> [TASK BRIEF]:
From the listing below, copy only the lines running from the line that contains "unfolding snorm_def by (rule onorm) simp" to the line that contains "t *v y) \<le>", both included.
──────────────────────────────
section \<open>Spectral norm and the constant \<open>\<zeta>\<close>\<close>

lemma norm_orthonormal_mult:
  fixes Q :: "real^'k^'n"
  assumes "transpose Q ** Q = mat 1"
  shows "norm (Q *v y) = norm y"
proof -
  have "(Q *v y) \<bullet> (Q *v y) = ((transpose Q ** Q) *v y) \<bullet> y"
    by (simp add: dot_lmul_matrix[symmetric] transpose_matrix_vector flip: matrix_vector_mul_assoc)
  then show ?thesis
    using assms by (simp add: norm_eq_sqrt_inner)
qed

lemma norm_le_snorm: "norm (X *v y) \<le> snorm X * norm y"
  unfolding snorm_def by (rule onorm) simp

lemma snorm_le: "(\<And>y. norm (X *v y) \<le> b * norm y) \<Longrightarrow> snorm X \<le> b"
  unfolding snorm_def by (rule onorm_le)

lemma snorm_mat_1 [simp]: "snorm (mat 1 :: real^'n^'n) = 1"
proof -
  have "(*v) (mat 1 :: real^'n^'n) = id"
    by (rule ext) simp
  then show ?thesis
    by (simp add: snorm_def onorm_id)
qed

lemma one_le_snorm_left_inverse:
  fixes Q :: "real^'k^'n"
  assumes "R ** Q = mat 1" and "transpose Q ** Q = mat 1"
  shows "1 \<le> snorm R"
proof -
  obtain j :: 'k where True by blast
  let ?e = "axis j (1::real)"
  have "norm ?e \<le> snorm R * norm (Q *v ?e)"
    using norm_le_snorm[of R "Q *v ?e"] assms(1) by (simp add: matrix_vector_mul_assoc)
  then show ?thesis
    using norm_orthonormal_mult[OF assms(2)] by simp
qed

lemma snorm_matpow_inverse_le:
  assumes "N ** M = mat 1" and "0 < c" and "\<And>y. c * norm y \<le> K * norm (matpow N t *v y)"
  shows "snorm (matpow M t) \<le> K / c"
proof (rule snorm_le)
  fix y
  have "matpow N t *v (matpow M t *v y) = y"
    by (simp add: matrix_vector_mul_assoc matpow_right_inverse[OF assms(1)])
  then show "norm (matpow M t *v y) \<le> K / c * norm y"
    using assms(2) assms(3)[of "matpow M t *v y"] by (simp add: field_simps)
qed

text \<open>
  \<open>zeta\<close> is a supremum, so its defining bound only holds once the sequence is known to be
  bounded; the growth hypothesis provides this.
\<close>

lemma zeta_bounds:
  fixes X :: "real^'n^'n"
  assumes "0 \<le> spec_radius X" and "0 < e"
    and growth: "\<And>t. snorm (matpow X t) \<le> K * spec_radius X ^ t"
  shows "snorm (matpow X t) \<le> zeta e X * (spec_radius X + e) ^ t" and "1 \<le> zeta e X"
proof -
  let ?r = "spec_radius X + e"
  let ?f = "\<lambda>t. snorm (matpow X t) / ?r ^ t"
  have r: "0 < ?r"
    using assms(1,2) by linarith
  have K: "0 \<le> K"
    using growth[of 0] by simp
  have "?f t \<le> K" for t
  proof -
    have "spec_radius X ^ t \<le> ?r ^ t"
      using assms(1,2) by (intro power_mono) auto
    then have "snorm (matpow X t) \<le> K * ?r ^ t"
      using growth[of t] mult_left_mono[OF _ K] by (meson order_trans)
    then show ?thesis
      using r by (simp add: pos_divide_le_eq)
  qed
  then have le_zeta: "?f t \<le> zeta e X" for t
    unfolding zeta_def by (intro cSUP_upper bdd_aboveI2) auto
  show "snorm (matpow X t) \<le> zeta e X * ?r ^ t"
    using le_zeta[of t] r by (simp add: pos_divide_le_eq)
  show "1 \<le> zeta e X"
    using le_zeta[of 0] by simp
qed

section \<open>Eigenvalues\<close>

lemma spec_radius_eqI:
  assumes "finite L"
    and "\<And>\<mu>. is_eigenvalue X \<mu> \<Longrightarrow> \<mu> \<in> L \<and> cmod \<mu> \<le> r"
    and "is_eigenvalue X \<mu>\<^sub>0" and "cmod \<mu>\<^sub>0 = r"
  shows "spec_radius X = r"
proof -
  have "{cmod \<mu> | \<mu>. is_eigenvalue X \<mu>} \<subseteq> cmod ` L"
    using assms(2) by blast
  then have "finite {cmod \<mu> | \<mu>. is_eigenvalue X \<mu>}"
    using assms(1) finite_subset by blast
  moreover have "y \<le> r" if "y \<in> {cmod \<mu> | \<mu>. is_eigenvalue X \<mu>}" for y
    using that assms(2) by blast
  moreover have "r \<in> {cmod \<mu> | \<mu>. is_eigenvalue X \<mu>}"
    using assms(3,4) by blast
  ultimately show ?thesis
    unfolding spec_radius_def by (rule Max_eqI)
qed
──────────────────────────────
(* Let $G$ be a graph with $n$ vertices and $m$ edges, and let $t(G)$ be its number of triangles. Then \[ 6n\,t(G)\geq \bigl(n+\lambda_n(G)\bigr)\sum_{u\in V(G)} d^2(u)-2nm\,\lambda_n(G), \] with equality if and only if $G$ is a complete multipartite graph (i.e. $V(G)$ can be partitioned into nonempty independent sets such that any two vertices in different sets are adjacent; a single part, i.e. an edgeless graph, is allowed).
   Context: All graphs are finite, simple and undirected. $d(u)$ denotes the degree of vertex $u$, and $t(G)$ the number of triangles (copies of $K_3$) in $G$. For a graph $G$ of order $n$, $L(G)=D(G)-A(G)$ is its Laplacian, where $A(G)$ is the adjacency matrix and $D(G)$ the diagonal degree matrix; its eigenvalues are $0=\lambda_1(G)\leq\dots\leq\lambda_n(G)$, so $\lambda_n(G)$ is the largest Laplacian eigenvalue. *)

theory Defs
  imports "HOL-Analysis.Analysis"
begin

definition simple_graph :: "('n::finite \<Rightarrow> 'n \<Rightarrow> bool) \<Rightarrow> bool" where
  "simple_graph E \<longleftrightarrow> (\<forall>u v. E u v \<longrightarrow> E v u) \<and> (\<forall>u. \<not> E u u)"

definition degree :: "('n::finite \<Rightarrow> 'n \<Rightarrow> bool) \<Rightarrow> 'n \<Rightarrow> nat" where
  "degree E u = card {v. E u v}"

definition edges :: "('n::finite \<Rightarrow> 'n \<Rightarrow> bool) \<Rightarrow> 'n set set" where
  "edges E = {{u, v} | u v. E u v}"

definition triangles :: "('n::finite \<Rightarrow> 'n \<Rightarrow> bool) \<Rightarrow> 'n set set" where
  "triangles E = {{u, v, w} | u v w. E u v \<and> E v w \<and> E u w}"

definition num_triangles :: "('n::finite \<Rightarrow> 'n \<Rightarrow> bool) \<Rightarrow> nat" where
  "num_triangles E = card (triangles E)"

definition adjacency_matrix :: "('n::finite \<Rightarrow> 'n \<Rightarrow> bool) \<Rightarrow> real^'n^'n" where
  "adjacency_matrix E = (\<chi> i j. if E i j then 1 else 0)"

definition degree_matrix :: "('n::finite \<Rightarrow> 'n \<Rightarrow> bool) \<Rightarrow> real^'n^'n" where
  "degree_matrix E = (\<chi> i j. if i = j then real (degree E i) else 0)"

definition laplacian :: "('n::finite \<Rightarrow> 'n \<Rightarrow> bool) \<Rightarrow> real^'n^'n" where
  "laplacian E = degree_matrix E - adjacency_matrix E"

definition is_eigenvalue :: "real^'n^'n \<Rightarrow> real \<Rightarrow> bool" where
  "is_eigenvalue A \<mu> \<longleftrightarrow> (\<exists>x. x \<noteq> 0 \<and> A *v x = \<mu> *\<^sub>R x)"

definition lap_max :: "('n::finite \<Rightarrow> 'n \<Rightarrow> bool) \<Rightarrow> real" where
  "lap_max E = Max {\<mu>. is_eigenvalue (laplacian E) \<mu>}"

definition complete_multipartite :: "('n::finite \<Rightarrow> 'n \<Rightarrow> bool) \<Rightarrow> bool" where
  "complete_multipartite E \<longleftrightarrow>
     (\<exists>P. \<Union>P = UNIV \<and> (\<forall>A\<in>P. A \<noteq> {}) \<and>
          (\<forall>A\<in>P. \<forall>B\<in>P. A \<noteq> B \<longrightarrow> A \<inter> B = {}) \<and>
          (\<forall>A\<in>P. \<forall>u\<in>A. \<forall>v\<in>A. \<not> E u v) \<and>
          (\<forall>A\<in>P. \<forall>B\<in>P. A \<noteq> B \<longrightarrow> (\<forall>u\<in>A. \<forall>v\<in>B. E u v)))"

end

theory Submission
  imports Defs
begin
──────────────────────────────
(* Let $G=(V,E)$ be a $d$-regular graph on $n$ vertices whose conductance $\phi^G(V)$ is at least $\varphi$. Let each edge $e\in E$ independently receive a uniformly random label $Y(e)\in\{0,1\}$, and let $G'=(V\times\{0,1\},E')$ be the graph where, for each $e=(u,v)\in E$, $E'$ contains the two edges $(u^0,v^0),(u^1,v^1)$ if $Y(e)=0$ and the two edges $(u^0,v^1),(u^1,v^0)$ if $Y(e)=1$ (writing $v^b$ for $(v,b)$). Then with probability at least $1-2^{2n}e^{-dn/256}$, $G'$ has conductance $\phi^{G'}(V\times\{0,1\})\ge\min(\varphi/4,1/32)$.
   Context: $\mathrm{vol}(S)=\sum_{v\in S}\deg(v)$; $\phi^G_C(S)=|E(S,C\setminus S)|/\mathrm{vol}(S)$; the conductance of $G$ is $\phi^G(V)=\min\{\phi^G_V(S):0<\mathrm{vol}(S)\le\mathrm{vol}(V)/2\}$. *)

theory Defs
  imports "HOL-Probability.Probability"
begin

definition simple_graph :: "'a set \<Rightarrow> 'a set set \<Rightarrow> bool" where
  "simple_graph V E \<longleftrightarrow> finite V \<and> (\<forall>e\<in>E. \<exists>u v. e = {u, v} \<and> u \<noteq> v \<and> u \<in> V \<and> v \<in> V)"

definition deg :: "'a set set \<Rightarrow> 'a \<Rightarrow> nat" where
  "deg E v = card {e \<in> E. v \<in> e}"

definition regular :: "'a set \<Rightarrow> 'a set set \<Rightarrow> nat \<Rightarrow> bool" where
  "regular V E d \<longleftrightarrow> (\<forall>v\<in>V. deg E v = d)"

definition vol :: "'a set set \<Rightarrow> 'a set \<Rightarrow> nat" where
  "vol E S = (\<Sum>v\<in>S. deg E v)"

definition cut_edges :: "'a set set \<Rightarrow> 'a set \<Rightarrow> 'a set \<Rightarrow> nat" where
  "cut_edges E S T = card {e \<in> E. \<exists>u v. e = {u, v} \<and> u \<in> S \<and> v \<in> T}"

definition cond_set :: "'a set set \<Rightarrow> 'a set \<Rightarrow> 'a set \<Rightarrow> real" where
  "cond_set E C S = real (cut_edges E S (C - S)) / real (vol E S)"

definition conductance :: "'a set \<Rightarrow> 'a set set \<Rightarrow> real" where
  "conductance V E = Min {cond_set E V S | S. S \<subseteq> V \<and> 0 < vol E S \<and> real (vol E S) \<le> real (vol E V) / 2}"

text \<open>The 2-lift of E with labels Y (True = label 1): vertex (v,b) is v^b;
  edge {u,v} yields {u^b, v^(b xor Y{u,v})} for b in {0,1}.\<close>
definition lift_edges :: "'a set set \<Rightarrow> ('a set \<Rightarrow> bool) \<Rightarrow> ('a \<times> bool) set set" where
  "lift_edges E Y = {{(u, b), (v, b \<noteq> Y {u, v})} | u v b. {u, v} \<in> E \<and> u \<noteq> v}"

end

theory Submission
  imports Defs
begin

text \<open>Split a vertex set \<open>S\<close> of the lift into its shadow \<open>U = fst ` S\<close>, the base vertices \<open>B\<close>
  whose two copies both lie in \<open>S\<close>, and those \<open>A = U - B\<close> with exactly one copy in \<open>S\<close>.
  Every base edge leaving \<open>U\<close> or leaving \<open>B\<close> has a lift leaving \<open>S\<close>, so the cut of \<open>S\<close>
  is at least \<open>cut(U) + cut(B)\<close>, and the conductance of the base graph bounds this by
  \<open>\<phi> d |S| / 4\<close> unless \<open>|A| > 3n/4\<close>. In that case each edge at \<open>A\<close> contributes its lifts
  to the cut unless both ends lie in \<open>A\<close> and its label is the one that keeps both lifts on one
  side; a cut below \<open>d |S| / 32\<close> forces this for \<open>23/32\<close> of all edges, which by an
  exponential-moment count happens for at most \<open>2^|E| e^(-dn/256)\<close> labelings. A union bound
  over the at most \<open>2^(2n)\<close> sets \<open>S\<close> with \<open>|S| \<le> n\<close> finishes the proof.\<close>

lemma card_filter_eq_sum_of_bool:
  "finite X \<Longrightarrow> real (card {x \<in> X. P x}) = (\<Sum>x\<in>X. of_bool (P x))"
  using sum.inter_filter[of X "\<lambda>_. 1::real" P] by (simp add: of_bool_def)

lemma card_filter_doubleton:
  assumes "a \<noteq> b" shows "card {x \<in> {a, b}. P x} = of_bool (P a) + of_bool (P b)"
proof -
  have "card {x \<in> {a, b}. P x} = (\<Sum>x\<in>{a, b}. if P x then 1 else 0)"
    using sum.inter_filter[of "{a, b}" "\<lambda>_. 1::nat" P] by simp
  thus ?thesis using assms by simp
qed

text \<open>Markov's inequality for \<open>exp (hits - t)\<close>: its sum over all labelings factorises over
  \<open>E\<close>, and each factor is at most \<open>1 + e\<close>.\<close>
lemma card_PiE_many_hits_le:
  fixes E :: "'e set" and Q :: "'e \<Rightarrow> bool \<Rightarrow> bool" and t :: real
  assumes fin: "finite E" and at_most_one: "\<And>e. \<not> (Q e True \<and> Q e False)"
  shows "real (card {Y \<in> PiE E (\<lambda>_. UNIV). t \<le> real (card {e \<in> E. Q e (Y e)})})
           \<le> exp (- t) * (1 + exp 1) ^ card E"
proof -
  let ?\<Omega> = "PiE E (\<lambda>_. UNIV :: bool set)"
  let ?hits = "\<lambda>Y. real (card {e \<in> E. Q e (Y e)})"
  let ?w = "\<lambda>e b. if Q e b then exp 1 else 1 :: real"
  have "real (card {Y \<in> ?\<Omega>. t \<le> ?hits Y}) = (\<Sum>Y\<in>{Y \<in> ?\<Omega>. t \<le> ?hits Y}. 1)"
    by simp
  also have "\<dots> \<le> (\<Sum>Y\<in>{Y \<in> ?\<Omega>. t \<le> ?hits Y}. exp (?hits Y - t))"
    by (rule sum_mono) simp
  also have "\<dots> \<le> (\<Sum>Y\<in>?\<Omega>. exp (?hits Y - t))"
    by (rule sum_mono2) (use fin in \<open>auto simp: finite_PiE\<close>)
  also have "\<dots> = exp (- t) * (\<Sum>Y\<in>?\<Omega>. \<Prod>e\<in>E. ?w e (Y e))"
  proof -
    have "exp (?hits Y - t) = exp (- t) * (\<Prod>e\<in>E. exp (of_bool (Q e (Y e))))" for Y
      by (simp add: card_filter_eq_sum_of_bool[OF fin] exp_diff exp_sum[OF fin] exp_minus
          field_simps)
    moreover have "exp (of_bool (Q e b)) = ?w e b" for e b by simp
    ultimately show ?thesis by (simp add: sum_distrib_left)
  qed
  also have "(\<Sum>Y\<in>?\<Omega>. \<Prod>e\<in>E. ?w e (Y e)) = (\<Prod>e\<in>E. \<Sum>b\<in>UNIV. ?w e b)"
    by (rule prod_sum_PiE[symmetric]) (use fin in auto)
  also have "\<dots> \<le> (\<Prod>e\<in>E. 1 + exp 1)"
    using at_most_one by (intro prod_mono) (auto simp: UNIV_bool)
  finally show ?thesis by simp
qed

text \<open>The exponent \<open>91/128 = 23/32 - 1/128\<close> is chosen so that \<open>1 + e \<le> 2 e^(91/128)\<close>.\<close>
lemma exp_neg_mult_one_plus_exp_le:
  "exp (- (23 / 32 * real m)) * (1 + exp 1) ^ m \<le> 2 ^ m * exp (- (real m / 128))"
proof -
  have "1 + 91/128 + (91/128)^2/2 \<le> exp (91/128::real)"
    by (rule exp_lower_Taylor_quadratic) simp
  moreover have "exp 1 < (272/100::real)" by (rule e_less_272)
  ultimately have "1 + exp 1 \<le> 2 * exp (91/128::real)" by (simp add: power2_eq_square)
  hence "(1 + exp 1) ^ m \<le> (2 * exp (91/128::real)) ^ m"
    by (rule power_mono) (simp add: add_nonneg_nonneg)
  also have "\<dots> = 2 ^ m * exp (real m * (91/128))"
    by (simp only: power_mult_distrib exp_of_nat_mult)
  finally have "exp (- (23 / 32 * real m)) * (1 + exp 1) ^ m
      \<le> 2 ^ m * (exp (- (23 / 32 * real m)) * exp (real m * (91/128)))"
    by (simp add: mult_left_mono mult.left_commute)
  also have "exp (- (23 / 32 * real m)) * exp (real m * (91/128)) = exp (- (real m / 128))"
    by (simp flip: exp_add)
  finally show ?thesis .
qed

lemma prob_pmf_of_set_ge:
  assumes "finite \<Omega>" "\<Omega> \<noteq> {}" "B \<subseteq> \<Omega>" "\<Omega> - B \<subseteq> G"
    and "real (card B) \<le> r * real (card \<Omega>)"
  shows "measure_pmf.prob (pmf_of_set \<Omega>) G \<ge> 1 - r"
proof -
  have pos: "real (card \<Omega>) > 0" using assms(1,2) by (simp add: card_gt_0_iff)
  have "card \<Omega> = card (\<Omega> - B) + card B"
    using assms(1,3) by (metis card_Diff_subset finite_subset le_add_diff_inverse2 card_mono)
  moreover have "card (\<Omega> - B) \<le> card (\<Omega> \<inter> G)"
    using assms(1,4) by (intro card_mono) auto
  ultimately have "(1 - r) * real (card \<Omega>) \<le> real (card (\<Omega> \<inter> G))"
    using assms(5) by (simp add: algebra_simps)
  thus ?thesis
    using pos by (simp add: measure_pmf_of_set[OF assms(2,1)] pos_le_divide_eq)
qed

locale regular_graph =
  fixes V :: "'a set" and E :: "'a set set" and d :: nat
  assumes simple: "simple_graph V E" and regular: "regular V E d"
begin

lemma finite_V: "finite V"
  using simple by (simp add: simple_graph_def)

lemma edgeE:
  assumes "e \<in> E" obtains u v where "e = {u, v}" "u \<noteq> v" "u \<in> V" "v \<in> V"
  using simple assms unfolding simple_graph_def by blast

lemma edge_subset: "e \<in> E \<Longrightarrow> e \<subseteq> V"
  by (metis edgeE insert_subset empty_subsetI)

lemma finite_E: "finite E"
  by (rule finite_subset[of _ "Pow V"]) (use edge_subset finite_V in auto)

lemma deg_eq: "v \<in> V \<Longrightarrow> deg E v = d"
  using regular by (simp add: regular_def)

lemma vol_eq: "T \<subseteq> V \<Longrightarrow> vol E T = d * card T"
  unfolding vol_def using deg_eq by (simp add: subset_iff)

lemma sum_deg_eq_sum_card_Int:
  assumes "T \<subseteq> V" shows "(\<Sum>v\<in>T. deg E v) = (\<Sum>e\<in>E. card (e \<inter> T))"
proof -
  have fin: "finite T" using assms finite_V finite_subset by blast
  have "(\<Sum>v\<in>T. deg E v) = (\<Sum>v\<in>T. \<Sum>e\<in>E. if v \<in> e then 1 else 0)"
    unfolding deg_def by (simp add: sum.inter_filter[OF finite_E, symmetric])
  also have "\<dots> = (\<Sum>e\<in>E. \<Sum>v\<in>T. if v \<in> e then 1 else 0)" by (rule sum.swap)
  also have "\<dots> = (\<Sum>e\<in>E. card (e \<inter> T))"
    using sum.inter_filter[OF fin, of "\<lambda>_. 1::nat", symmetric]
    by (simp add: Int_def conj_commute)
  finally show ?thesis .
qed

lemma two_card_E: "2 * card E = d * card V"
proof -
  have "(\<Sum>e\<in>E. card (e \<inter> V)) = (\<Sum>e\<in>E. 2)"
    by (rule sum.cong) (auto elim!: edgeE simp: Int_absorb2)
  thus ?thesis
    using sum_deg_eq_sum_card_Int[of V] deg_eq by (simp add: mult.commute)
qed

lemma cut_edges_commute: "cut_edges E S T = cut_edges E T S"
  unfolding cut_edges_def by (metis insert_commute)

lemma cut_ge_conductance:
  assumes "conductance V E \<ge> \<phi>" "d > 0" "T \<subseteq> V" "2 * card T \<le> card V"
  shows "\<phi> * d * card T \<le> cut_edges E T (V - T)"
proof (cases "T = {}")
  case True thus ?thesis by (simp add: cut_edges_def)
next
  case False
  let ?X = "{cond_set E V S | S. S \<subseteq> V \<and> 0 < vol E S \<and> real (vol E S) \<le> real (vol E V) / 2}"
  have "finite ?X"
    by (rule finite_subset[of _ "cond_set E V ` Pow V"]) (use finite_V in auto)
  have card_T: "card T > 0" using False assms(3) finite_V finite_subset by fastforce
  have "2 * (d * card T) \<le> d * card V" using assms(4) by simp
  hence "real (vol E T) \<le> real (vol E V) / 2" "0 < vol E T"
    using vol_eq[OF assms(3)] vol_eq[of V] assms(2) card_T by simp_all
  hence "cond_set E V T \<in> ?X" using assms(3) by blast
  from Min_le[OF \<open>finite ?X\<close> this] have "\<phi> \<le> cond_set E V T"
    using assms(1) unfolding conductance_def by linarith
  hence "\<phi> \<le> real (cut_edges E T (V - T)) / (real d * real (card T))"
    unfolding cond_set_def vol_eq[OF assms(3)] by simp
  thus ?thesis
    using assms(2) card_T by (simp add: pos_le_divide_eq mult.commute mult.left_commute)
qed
──────────────────────────────
> [SOLUTION TO THE PROBLEM]:
  unfolding snorm_def by (rule onorm) simp

lemma snorm_le: "(\<And>y. norm (X *v y) \<le> b * norm y) \<Longrightarrow> snorm X \<le> b"
  unfolding snorm_def by (rule onorm_le)

lemma snorm_mat_1 [simp]: "snorm (mat 1 :: real^'n^'n) = 1"
proof -
  have "(*v) (mat 1 :: real^'n^'n) = id"
    by (rule ext) simp
  then show ?thesis
    by (simp add: snorm_def onorm_id)
qed

lemma one_le_snorm_left_inverse:
  fixes Q :: "real^'k^'n"
  assumes "R ** Q = mat 1" and "transpose Q ** Q = mat 1"
  shows "1 \<le> snorm R"
proof -
  obtain j :: 'k where True by blast
  let ?e = "axis j (1::real)"
  have "norm ?e \<le> snorm R * norm (Q *v ?e)"
    using norm_le_snorm[of R "Q *v ?e"] assms(1) by (simp add: matrix_vector_mul_assoc)
  then show ?thesis
    using norm_orthonormal_mult[OF assms(2)] by simp
qed

lemma snorm_matpow_inverse_le:
  assumes "N ** M = mat 1" and "0 < c" and "\<And>y. c * norm y \<le> K * norm (matpow N t *v y)"
  shows "snorm (matpow M t) \<le> K / c"
proof (rule snorm_le)
  fix y
  have "matpow N t *v (matpow M t *v y) = y"
    by (simp add: matrix_vector_mul_assoc matpow_right_inverse[OF assms(1)])
  then show "norm (matpow M t *v y) \<le> K / c * norm y"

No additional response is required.